The fox apparently can’t bear the disappoint of not having the delectable grapes and so he lies to himself about them. If instead of being mindlessly consumed by how delicious the grapes might taste, he allowed more uncertainty about them, the fox might be freer to actually find another way to get to them. That is, our single-minded evaluations that lead us to think in terms of rationalization, often lead to intense emotions that prevent more flexible thought. The grapes in some ways may be good, in others they may not be; in some ways eating them if good will be good for us, and in other ways they won’t be. This more mindful view prevents the narrowing of attention that comes with intense emotion.

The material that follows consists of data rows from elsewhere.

(* Let $R=k[x_1,\dots,x_n]$ be a polynomial ring over a field $k$, let $I$ be an unmixed monomial ideal of $R$, let $\mathbf a\in\mathbb{Z}^n$, and let $F\subseteq[n]$ with $G_{\mathbf a}\subseteq F$. Then $F\setminus G_{\mathbf a}$ is a facet of $\Delta_{\mathbf a}(I)$ if and only if $F\in\mathcal F(I)$ and $x^{\mathbf a_+}\notin I_F$.
   Context: An ideal is unmixed if every associated prime is a minimal prime. For $\mathbf a=(a_1,\dots,a_n)\in\mathbb{Z}^n$ write $x^{\mathbf a}=x_1^{a_1}\cdots x_n^{a_n}$, $G_{\mathbf a}=\{i\in[n]\mid a_i<0\}$ with $[n]=\{1,\dots,n\}$, and let $\mathbf a_+$ be obtained from $\mathbf a$ by replacing every negative coordinate by $0$. For $F\subseteq[n]$ let $R_F=R[x_i^{-1}\mid i\in F]$ and let $P_F$ be the ideal generated by the variables $x_i$ with $i\notin F$. The degree complex is $\Delta_{\mathbf a}(I)=\{F\setminus G_{\mathbf a} \mid G_{\mathbf a}\subseteq F\subseteq[n],\ x^{\mathbf a}\notin IR_F\}$, a simplicial complex on $[n]$. $\mathcal F(I)$ is the set of all $F\subseteq[n]$ such that $P_F$ is a minimal prime of $I$, and for $F\in\mathcal F(I)$, $I_F$ denotes the primary component of $I$ associated with $P_F$. *)

theory Defs
  imports Main "HOL-Library.Poly_Mapping"
begin

(* The polynomial ring R = k[x_i | i in V] over a field k, with a finite type 'v of
  variables (so [n] = UNIV :: 'v set, n = CARD('v)). *)

type_synonym ('v, 'k) mpoly = "('v \<Rightarrow>\<^sub>0 nat) \<Rightarrow>\<^sub>0 'k"

definition mon :: "('v \<Rightarrow>\<^sub>0 nat) \<Rightarrow> ('v, 'k::field) mpoly" where
  "mon e = Poly_Mapping.single e 1"

definition var :: "'v \<Rightarrow> ('v, 'k::field) mpoly" where
  "var i = mon (Poly_Mapping.single i 1)"

definition is_ideal :: "('v, 'k::field) mpoly set \<Rightarrow> bool" where
  "is_ideal I \<longleftrightarrow> 0 \<in> I \<and> (\<forall>f\<in>I. \<forall>g\<in>I. f + g \<in> I) \<and> (\<forall>r. \<forall>f\<in>I. r * f \<in> I)"

definition ideal_gen :: "('v, 'k::field) mpoly set \<Rightarrow> ('v, 'k) mpoly set" where
  "ideal_gen S = \<Inter>{J. is_ideal J \<and> S \<subseteq> J}"

definition is_prime_ideal :: "('v, 'k::field) mpoly set \<Rightarrow> bool" where
  "is_prime_ideal P \<longleftrightarrow> is_ideal P \<and> P \<noteq> UNIV \<and> (\<forall>f g. f * g \<in> P \<longrightarrow> f \<in> P \<or> g \<in> P)"

definition monomial_ideal :: "('v, 'k::field) mpoly set \<Rightarrow> bool" where
  "monomial_ideal I \<longleftrightarrow> (\<exists>E. I = ideal_gen (mon ` E))"

definition associated_prime :: "('v, 'k::field) mpoly set \<Rightarrow> ('v, 'k) mpoly set \<Rightarrow> bool" where
  "associated_prime I P \<longleftrightarrow> is_prime_ideal P \<and> (\<exists>f. P = {g. g * f \<in> I})"

definition minimal_prime :: "('v, 'k::field) mpoly set \<Rightarrow> ('v, 'k) mpoly set \<Rightarrow> bool" where
  "minimal_prime I P \<longleftrightarrow> is_prime_ideal P \<and> I \<subseteq> P \<and>
     (\<forall>Q. is_prime_ideal Q \<and> I \<subseteq> Q \<and> Q \<subseteq> P \<longrightarrow> Q = P)"

definition unmixed :: "('v, 'k::field) mpoly set \<Rightarrow> bool" where
  "unmixed I \<longleftrightarrow> (\<forall>P. associated_prime I P \<longrightarrow> minimal_prime I P)"

definition P_ideal :: "'v set \<Rightarrow> ('v, 'k::field) mpoly set" where
  "P_ideal F = ideal_gen (var ` (- F))"

definition Fam :: "('v, 'k::field) mpoly set \<Rightarrow> 'v set set" where
  "Fam I = {F. minimal_prime I (P_ideal F)}"

(* Primary component of I associated with a minimal prime P: the (unique) isolated
  component I R_P <inter> R = {f. <exists>s <notin> P. s f <in> I}. *)
definition primary_component :: "('v, 'k::field) mpoly set \<Rightarrow> ('v, 'k) mpoly set \<Rightarrow> ('v, 'k) mpoly set" where
  "primary_component I P = {f. \<exists>s. s \<notin> P \<and> s * f \<in> I}"

definition comp_F :: "('v, 'k::field) mpoly set \<Rightarrow> 'v set \<Rightarrow> ('v, 'k) mpoly set" where
  "comp_F I F = primary_component I (P_ideal F)"

definition Gset :: "('v \<Rightarrow> int) \<Rightarrow> 'v set" where
  "Gset a = {i. a i < 0}"

definition pos_part :: "('v::finite \<Rightarrow> int) \<Rightarrow> ('v \<Rightarrow>\<^sub>0 nat)" where
  "pos_part a = Abs_poly_mapping (\<lambda>i. nat (a i))"

(* Membership of the Laurent monomial x^a in I R_F, R_F = R[x_i^{-1} | i <in> F]:
  elements of I R_F are f / x^c with f <in> I and c supported on F, so x^a <in> I R_F iff
  x^(a+c) <in> I for some such c with a + c <ge> 0. *)
definition lmon_in_loc :: "('v::finite, 'k::field) mpoly set \<Rightarrow> 'v set \<Rightarrow> ('v \<Rightarrow> int) \<Rightarrow> bool" where
  "lmon_in_loc I F a \<longleftrightarrow> (\<exists>c :: 'v \<Rightarrow>\<^sub>0 nat. Poly_Mapping.keys c \<subseteq> F \<and>
      (\<forall>i. 0 \<le> a i + int (Poly_Mapping.lookup c i)) \<and>
      mon (Abs_poly_mapping (\<lambda>i. nat (a i + int (Poly_Mapping.lookup c i)))) \<in> I)"

definition degree_complex :: "('v::finite, 'k::field) mpoly set \<Rightarrow> ('v \<Rightarrow> int) \<Rightarrow> 'v set set" where
  "degree_complex I a = {F - Gset a | F. Gset a \<subseteq> F \<and> \<not> lmon_in_loc I F a}"

definition facet :: "'v set set \<Rightarrow> 'v set \<Rightarrow> bool" where
  "facet \<Delta> G \<longleftrightarrow> G \<in> \<Delta> \<and> (\<forall>H\<in>\<Delta>. G \<subseteq> H \<longrightarrow> H = G)"

end

theory Submission
  imports Defs "HOL-Library.Countable"
begin

(* Let M be the set of exponents of monomials in I and b the positive part of a. When
  G_a \<subseteq> F, both x^a \<in> I R_F and x^b \<in> I_F say that b + c \<in> M for some c supported on F;
  so the faces of the degree complex are the F - G_a for the sets F \<supseteq> G_a where this fails,
  and its facets come from the maximal such F.
  If the condition fails for F then I \<subseteq> P_F, and P_F is prime. Hence, if P_F is a minimal prime
  and the condition also fails for some F' \<supseteq> F, then I \<subseteq> P_F' \<subseteq> P_F forces F' = F.
  Conversely, for maximal F the exponents w supported off F for which the condition still fails
  for b + w are bounded; one of maximal total degree is pushed into the localization by every
  x_i with i \<notin> F, and this makes P_F a colon ideal (I : x^u), i.e. an associated prime, which
  is minimal because I is unmixed. *)

section \<open>Polynomial rings without zero divisors\<close>

lemma lookup_mult_pairs:
  "Poly_Mapping.lookup (f * g) k =
     (\<Sum>(a, b). Poly_Mapping.lookup f a * Poly_Mapping.lookup g b when k = a + b)"
  by transfer (simp add: prod_fun_unfold_prod)

lemma mult_neq_zero_if_ordered_embedding:
  fixes f g :: "'a::monoid_add \<Rightarrow>\<^sub>0 'b::semiring_no_zero_divisors"
    and h :: "'a \<Rightarrow> 'c::{ordered_cancel_comm_monoid_add, linorder}"
  assumes "inj h" and h_add: "\<And>x y. h (x + y) = h x + h y"
    and "f \<noteq> 0" "g \<noteq> 0"
  shows "f * g \<noteq> 0"
proof -
  have "\<exists>a\<in>Poly_Mapping.keys p. \<forall>l\<in>Poly_Mapping.keys p. h l \<le> h a" if "p \<noteq> 0" for p :: "'a \<Rightarrow>\<^sub>0 'b"
  proof -
    have "Max (h ` Poly_Mapping.keys p) \<in> h ` Poly_Mapping.keys p" using that by (intro Max_in) auto
    then show ?thesis by (metis Max_ge finite_imageI finite_keys imageE image_eqI)
  qed
  then obtain a b where a: "a \<in> Poly_Mapping.keys f" "\<And>l. l \<in> Poly_Mapping.keys f \<Longrightarrow> h l \<le> h a"
    and b: "b \<in> Poly_Mapping.keys g" "\<And>l. l \<in> Poly_Mapping.keys g \<Longrightarrow> h l \<le> h b"
    using \<open>f \<noteq> 0\<close> \<open>g \<noteq> 0\<close> by metis
  have top_unique: "(x, y) = (a, b)"
    if "x \<in> Poly_Mapping.keys f" "y \<in> Poly_Mapping.keys g" "a + b = x + y" for x y
  proof -
    have "h x + h y = h a + h b" using that(3) by (metis h_add)
    then have "h x = h a \<and> h y = h b"
      using a(2)[OF that(1)] b(2)[OF that(2)] add_less_le_mono add_le_less_mono
      by (metis order_le_less order_less_irrefl)
    then show ?thesis using \<open>inj h\<close> by (simp add: inj_eq)
  qed
  have "Poly_Mapping.lookup (f * g) (a + b) =
      (\<Sum>p. Poly_Mapping.lookup f a * Poly_Mapping.lookup g b when p = (a, b))"
    unfolding lookup_mult_pairs
    by (rule Sum_any.cong) (use top_unique in \<open>auto simp: when_def in_keys_iff split: if_splits\<close>)
  also have "\<dots> \<noteq> 0" using a(1) b(1) by (simp add: in_keys_iff)
  finally show ?thesis by auto
qed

Now let’s consider obsession. If we can’t sleep at night because we feel plagued by some problem at work, for example, too often we accuse ourselves of obsessing. We complain that we just can’t stop thinking about it. Many of us lead very active lives meeting demands made by many people. Lives like this allow little time to sit back and problem solve. Once we turn off the lights the night is ours to reclaim. If we go right to sleep, the problems that faced us that day may still be there to greet us tomorrow. If we mindlessly assume that we should fall asleep almost immediately upon hitting the pillow, then, of course, if we don’t there is a problem. If we try to address the day’s concerns before we fall asleep, on the other hand, tomorrow may be a better day. If we do resolve the problem after the lights are out, then the process of problem-solving before sleep has been reinforced. Thus, we try it again another night with another problem. It is not, to my mind, irrational to do what seems to work. The problem with this kind of problem-solving, is that it is not always successful. If indeed it were, many of the issues would probably have been dealt with earlier in the day. That is, some problems simply are difficult to solve. If we wake up tired, with the problem not solved, it seems that the thoughts were useless and hence our attribution to obsession. Failed attempts at working something through may be necessary to finally arrive at what we take to be a solution. I think an attribution to problem-solving rather than obsessing, may help us get more sleep.

Denial is yet one more of these psychopathological terms that we overuse to describe ourselves or others. As with rationalization and obsession, often when we make an attribution to denial we are understanding the situation mindlessly from a single-perspective. Consider that horses are fast approaching us and everyone but me runs for cover. Later, when we discuss it from my hospital bed, I am accused of having denied the threat of harm. Before agreeing that I was in denial, let’s turn this example just a bit. Later, when we are about to discuss the event, consider that instead of being in the hospital, I am dismounting from one of the horses. Now instead of accusing me of being in denial, those who ran away feel like cowards. The point is that before the event we could not know what would happen. Others did what made sense to them given their prediction of impending harm. They also were not irrational, given their view of the likelihood of being harmed. I did what I did, as a result of a very different prediction; one based on the assumption that harm was unlikely.

Thus, the attribution of denial is often simply the mistake that the situation can be seen in just one way; and the person purportedly in denial sees it in a way that is different. The more people who see it in the same way, the more likely the one who sees it differently will be misunderstood. Now let’s return to our discussion from my hospital bed. Since those who ran away are now safe and I was harmed, I can mistakenly say of myself that I must have been in denial. Seeing oneself as in denial is not unlike the feeling that “I should have known.” After the fact it is easy to see how the events unfolded. Before the fact, there are many other ways it could have gone.